Devon is unique in England for having two completely separate coasts, each with its distinct character. England’s first natural world heritage site was the Jurassic Coast that runs for 95 miles from Exmouth, on the East Devon coast, to Dorset. It showcases an extraordinary 185 million years of Earth’s geological history. An unimaginable length of time. What ‘treasure’ can possibly depict this? The fossilised part-ichthyosaur that my parents found when I was a child was dated at around 150 million years. That was, and still is, an extraordinary treasure.
Along this coast between Beer and Branscombe nestles the Hooken Undercliff, a sequestered place formed when 10 acres of the cliff slumped towards the sea one night in 1790, resulting in prominent chalk pinnacles and tangled remains of what had been cliff-top fields and hedges. Undeterred, the locals subsequently used the area to cultivate potatoes. Peregrine falcons, the fastest creatures on Earth when they stoop, watch from the pinnacles.
The rounded ‘popples’ of Budleigh Salterton’s beach are protected, so leave them on the beach, but enjoy the astonishing array of soft-hued colours in the ‘grey’. The popples have their origins in the ‘pebblebeds’ of East Devon – layers of pebbles below the heathland, which formed during the Triassic era when the lie of the land and the climate were very different. A mighty river flowed, carrying the stones along, tumbling them into their lovely rounded shapes.
The coast offers gems. Wherever rockpools are found you have small captive worlds beneath the water. Look for the fleshy red jewels of beadlet anemones – to be admired and left alone. Be gentle with all rock-pool creatures, respect the delicacy and balance of their place. Look and leave.
Less extensive but still superbly diverse sand dunes exist along the south coast too, at Dawlish Warren. This nature reserve, with its free-draining sandy soil, is the only place in the whole of England where we find the diminutive botanical treasure that is the sand crocus. Stroll along the nearby sandy beach and keep your eyes peeled for tiny architectural domes – I’ve found many empty sea urchin shells here.
Complete and colourful shells of all shapes and sizes catch the attention, a former someone’s home. Holey stones bring luck and become easier to find once you ‘get your eye in’.
And human-made treats bring joy too. Who can resist the appeal of windblown stripy deckchairs, or a colourful array of beach huts? There’s something quintessentially English about our love of setting up base in these little places, our personal bit of beach territory.
Our coastal pastimes bring pleasure for watchers as well as doers: the wind visibly captured in colourful kites, its power harnessed by red-sailed yachts or wave-skimming windsurfers. Scan the creeks and inlets of the South Hams, so often punctuated by colourful craft, picture-perfect and iconically South Devon.

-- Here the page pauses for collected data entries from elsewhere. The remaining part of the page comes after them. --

(* Let $E(z)=A(z)-iB(z)$ be a Hermite-Biehler function with no real zeros and suppose that $AB\notin \mathcal{H}(E^2)$. Let $\{s_n\}$ be the real zeros of $A(z)$ and, for every $n$, let $P_n(z)=\frac{A(z)^2}{(z-s_n)^2}$ and $Q_n(z)=\frac{A(z)^2}{(z-s_n)}$. Then, if $s_k\neq s_l$, we have \begin{equation*} \langle P_k,P_l \rangle_{E^2} = -\bigg( \frac{A'(s_k)}{B(s_k)} + \frac{A'(s_l)}{B(s_l)}\bigg)\frac{\pi}{2(s_k-s_l)^2} \end{equation*} and \begin{equation*} \langle Q_k,Q_l\rangle_{E^2} = 0. \end{equation*} We also have \begin{equation*} \|P_k\|^2_{E^2} = -\frac{\pi}{2}\bigg( \frac{A'(s_k)^3}{B(s_k)^3} + \frac{1}{6}\frac{\partial^3}{\partial z^3}\frac{A(z)}{B(z)}\bigg|_{z=s_k}\bigg) \end{equation*} and \begin{equation*} \|Q_k\|^2_{E^2} = -\frac{\pi}{2}\frac{A'(s_k)}{B(s_k)}. \end{equation*}
   Context: A Hermite-Biehler function is an entire $E$ with $|E(\overline{z})|<|E(z)|$ for $\operatorname{Im} z>0$; its companion functions are the real entire functions $A(z)=\frac12\{E(z)+\overline{E(\overline{z})}\}$ and $B(z)=\frac{i}{2}\{E(z)-\overline{E(\overline{z})}\}$, so $E=A-iB$. The points $s_n$ (indexed by $n\in\mathbb{Z}$) are those real points where the phase $\varphi$ of $E$ (defined by $e^{i\varphi(x)}E(x)\in\mathbb{R}$) satisfies $\varphi(s_n)=\pi/2+n\pi$; since $E$ has no real zeros these are exactly the (simple) real zeros of $A$. $\mathcal{H}(E^2)$ denotes the de Branges space of entire functions $F$ such that $F/E^2$ and $\overline{F(\overline{z})}/E^2$ have bounded type in the upper half-plane with non-positive mean type and $\int_\mathbb{R}|F(x)/E(x)^2|^2\,dx<\infty$, with inner product $\langle F,G\rangle_{E^2}=\int_{\mathbb{R}} F(x)\overline{G(x)}\,|E(x)|^{-4}\,dx$ and norm $\|\cdot\|_{E^2}$. Note $P_n,Q_n\in\mathcal{H}(E^2)$ for all $n$. *)

theory Defs
  imports "HOL-Analysis.Analysis"
begin
text \<open>Nodes of the r-rooted cut decomposition of (V,A), each paired with the vertex set
  of the induced subgraph in which it is the root.\<close>
inductive_set cd_nodes :: "'a set \<Rightarrow> ('a \<times> 'a) set \<Rightarrow> 'a \<Rightarrow> ('a set \<times> 'a) set"
  for V A r where
  cd_root: "(V, r) \<in> cd_nodes V A r"
| cd_child: "(W, x) \<in> cd_nodes V A r \<Longrightarrow> y \<in> bottlenecks W A x \<Longrightarrow>
             (Xset W A x y \<union> {y}, y) \<in> cd_nodes V A r"

definition cd_node :: "'a set \<Rightarrow> ('a \<times> 'a) set \<Rightarrow> 'a \<Rightarrow> 'a \<Rightarrow> bool" where
  "cd_node V A r x \<longleftrightarrow> (\<exists>W. (W, x) \<in> cd_nodes V A r)"

definition cd_sub :: "'a set \<Rightarrow> ('a \<times> 'a) set \<Rightarrow> 'a \<Rightarrow> 'a \<Rightarrow> 'a set" where
  "cd_sub V A r x = (THE W. (W, x) \<in> cd_nodes V A r)"

definition cd_bag :: "'a set \<Rightarrow> ('a \<times> 'a) set \<Rightarrow> 'a \<Rightarrow> 'a \<Rightarrow> 'a set" where
  "cd_bag V A r x = diblock (cd_sub V A r x) A x"

definition cd_children :: "'a set \<Rightarrow> ('a \<times> 'a) set \<Rightarrow> 'a \<Rightarrow> 'a \<Rightarrow> 'a set" where
  "cd_children V A r x = (if cd_node V A r x then bottlenecks (cd_sub V A r x) A x else {})"

definition cd_child_rel :: "'a set \<Rightarrow> ('a \<times> 'a) set \<Rightarrow> 'a \<Rightarrow> ('a \<times> 'a) set" where
  "cd_child_rel V A r = {(x, y). y \<in> cd_children V A r x}"

definition degenerate_node :: "'a set \<Rightarrow> ('a \<times> 'a) set \<Rightarrow> 'a \<Rightarrow> 'a \<Rightarrow> bool" where
  "degenerate_node V A r x \<longleftrightarrow> cd_node V A r x \<and> cd_children V A r x \<noteq> {} \<and>
     card (cd_bag V A r x) = 2"

definition degenerate_path :: "'a set \<Rightarrow> ('a \<times> 'a) set \<Rightarrow> 'a \<Rightarrow> 'a list \<Rightarrow> bool" where
  "degenerate_path V A r xs \<longleftrightarrow> xs \<noteq> [] \<and>
     (\<forall>i < length xs. degenerate_node V A r (xs ! i)) \<and>
     (\<forall>i. Suc i < length xs \<longrightarrow> xs ! Suc i \<in> cd_children V A r (xs ! i))"

definition out_branching :: "'a set \<Rightarrow> ('a \<times> 'a) set \<Rightarrow> 'a \<Rightarrow> ('a \<times> 'a) set \<Rightarrow> bool" where
  "out_branching V A s F \<longleftrightarrow> F \<subseteq> A \<and> s \<in> V \<and> (\<forall>u. (u, s) \<notin> F) \<and>
     (\<forall>v \<in> V. v \<noteq> s \<longrightarrow> (\<exists>!u. (u, v) \<in> F)) \<and> (\<forall>v \<in> V. (s, v) \<in> F\<^sup>*)"

end

(* The subgraph at node x of the s-rooted cut decomposition consists exactly of the vertices
   dominated by x, i.e. those v such that every s-v path passes through x (for x = s: all of V).
   If x is degenerate with child c, its diblock {x, c} makes c the only out-neighbour of x among
   the vertices dominated by x, and along a degenerate path every vertex is strictly dominated
   by its predecessors.  Then:
   (1) the path from s to c in an out-branching passes through x and stays among the vertices
       dominated by x from there on, so it leaves x along xc;
   (2) the parent of x_i in an out-branching is reachable from s avoiding x_i, hence is not
       dominated by x_i, whereas x_j is;
   (3) every bag below x_i consists of vertices dominated by x_i. *)

theory Submission
  imports Defs
begin

lemma rtrancl_exit:
  assumes "(a, b) \<in> R\<^sup>*" "a \<in> S" "b \<notin> S"
  shows "\<exists>p q. (p, q) \<in> R \<and> p \<in> S \<and> q \<notin> S"
  using assms by (induction rule: rtrancl_induct) auto

lemma rtrancl_last_arc:
  assumes "(a, b) \<in> R\<^sup>*" "a \<noteq> b"
  shows "\<exists>u. (a, u) \<in> (Restr R (- {b}))\<^sup>* \<and> (u, b) \<in> R"
proof -
  let ?S = "{u. (a, u) \<in> (Restr R (- {b}))\<^sup>*}"
  have "b \<notin> ?S"
    using assms(2) by (auto elim: rtranclE)
  then obtain p q where pq: "(p, q) \<in> R" "p \<in> ?S" "q \<notin> ?S"
    using rtrancl_exit[OF assms(1)] by blast
  have "p \<noteq> b"
    using pq(2) \<open>b \<notin> ?S\<close> by blast
  have "q = b"
  proof (rule ccontr)
    assume "q \<noteq> b"
    with pq \<open>p \<noteq> b\<close> have "(a, q) \<in> (Restr R (- {b}))\<^sup>*"
      by (auto intro: rtrancl_into_rtrancl)
    with pq(3) show False by simp
  qed
  with pq show ?thesis by blast
qed

lemma dipath_Cons_Cons:
  "dipath W A (a # b # p) \<longleftrightarrow>
     (a, b) \<in> A \<and> a \<in> W \<and> a \<notin> set (b # p) \<and> dipath W A (b # p)"
proof -
  have "(\<forall>i. Suc i < length (a # b # p) \<longrightarrow> ((a # b # p) ! i, (a # b # p) ! Suc i) \<in> A)
      \<longleftrightarrow> (\<forall>i < Suc (length p). ((a # b # p) ! i, (a # b # p) ! Suc i) \<in> A)"
    by auto
  also have "\<dots> \<longleftrightarrow> (a, b) \<in> A \<and> (\<forall>i < length p. ((b # p) ! i, (b # p) ! Suc i) \<in> A)"
    by (simp only: All_less_Suc2) simp
  finally show ?thesis
    unfolding dipath_def by auto
qed

lemma dipath_Nil [simp]: "\<not> dipath W A []"
  by (simp add: dipath_def)

lemma dipath_singleton [simp]: "dipath W A [a] \<longleftrightarrow> a \<in> W"
  by (simp add: dipath_def)

lemma dipath_appendD: "dipath W A (ys @ zs) \<Longrightarrow> zs \<noteq> [] \<Longrightarrow> dipath W A zs"
proof (induction ys)
  case (Cons y ys)
  then show ?case
    by (cases "ys @ zs") (auto simp: dipath_Cons_Cons)
qed simp

lemma dipath_imp_rtrancl:
  "dipath W A p \<Longrightarrow> set p \<subseteq> T \<Longrightarrow> (hd p, last p) \<in> (Restr A T)\<^sup>*"
  by (induction p rule: induct_list012)
     (auto simp: dipath_Cons_Cons intro: converse_rtrancl_into_rtrancl)

lemma rtrancl_imp_dipath:
  assumes "(a, b) \<in> (Restr A S)\<^sup>*" "b \<in> S"
  shows "\<exists>p. dipath S A p \<and> hd p = a \<and> last p = b"
  using assms(1)
proof (induction rule: converse_rtrancl_induct)
  case base
  show ?case
    using assms(2) by (intro exI[of _ "[b]"]) simp
next
  case (step a a')
  then obtain p where p: "dipath S A p" "hd p = a'" "last p = b"
    by blast
  show ?case
  proof (cases "a \<in> set p")
    case True
    then obtain ys zs where "p = ys @ a # zs"
      by (meson split_list)
    with p show ?thesis
      by (intro exI[of _ "a # zs"]) (auto dest: dipath_appendD)
  next
    case False
    have "p = a' # tl p"
      using p by (cases p) auto
    with p step(1) False have "dipath S A (a # p)"
      using dipath_Cons_Cons[of S A a a' "tl p"] by auto
    with p show ?thesis
      by (intro exI[of _ "a # p"]) auto
  qed
qed

lemma diblock_subset: "diblock W A r \<subseteq> insert r W"
  by (auto simp: diblock_def)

Galloping a horse along the beach may not be for everyone, but those of us who have will appreciate the elemental exhilaration of speed along the shore. I once watched a horse and rider practising dressage at Sandy Bay, equine ballet with a backdrop of the sea. Free theatre.
Not everywhere allows horses or dogs in the summer, but when you can, take a moment to appreciate canine joy on the beach, their unbridled enthusiasm brightens the dullest day – I’ve never seen a fight break out.
The day wanes. A bright sun path beckons across the spangled sea to the distant horizon, tempting and untreadable. Waves lap the shore with that evocative, ceaseless sound that reminds us of the never-ending cycle of the tides.... the passage of time.... our moon’s orbit…. Earth revolving in space....
Night claims the shoreline, giving pause to ponder treasured moments from the day now closing down, until light, tide and time return tomorrow.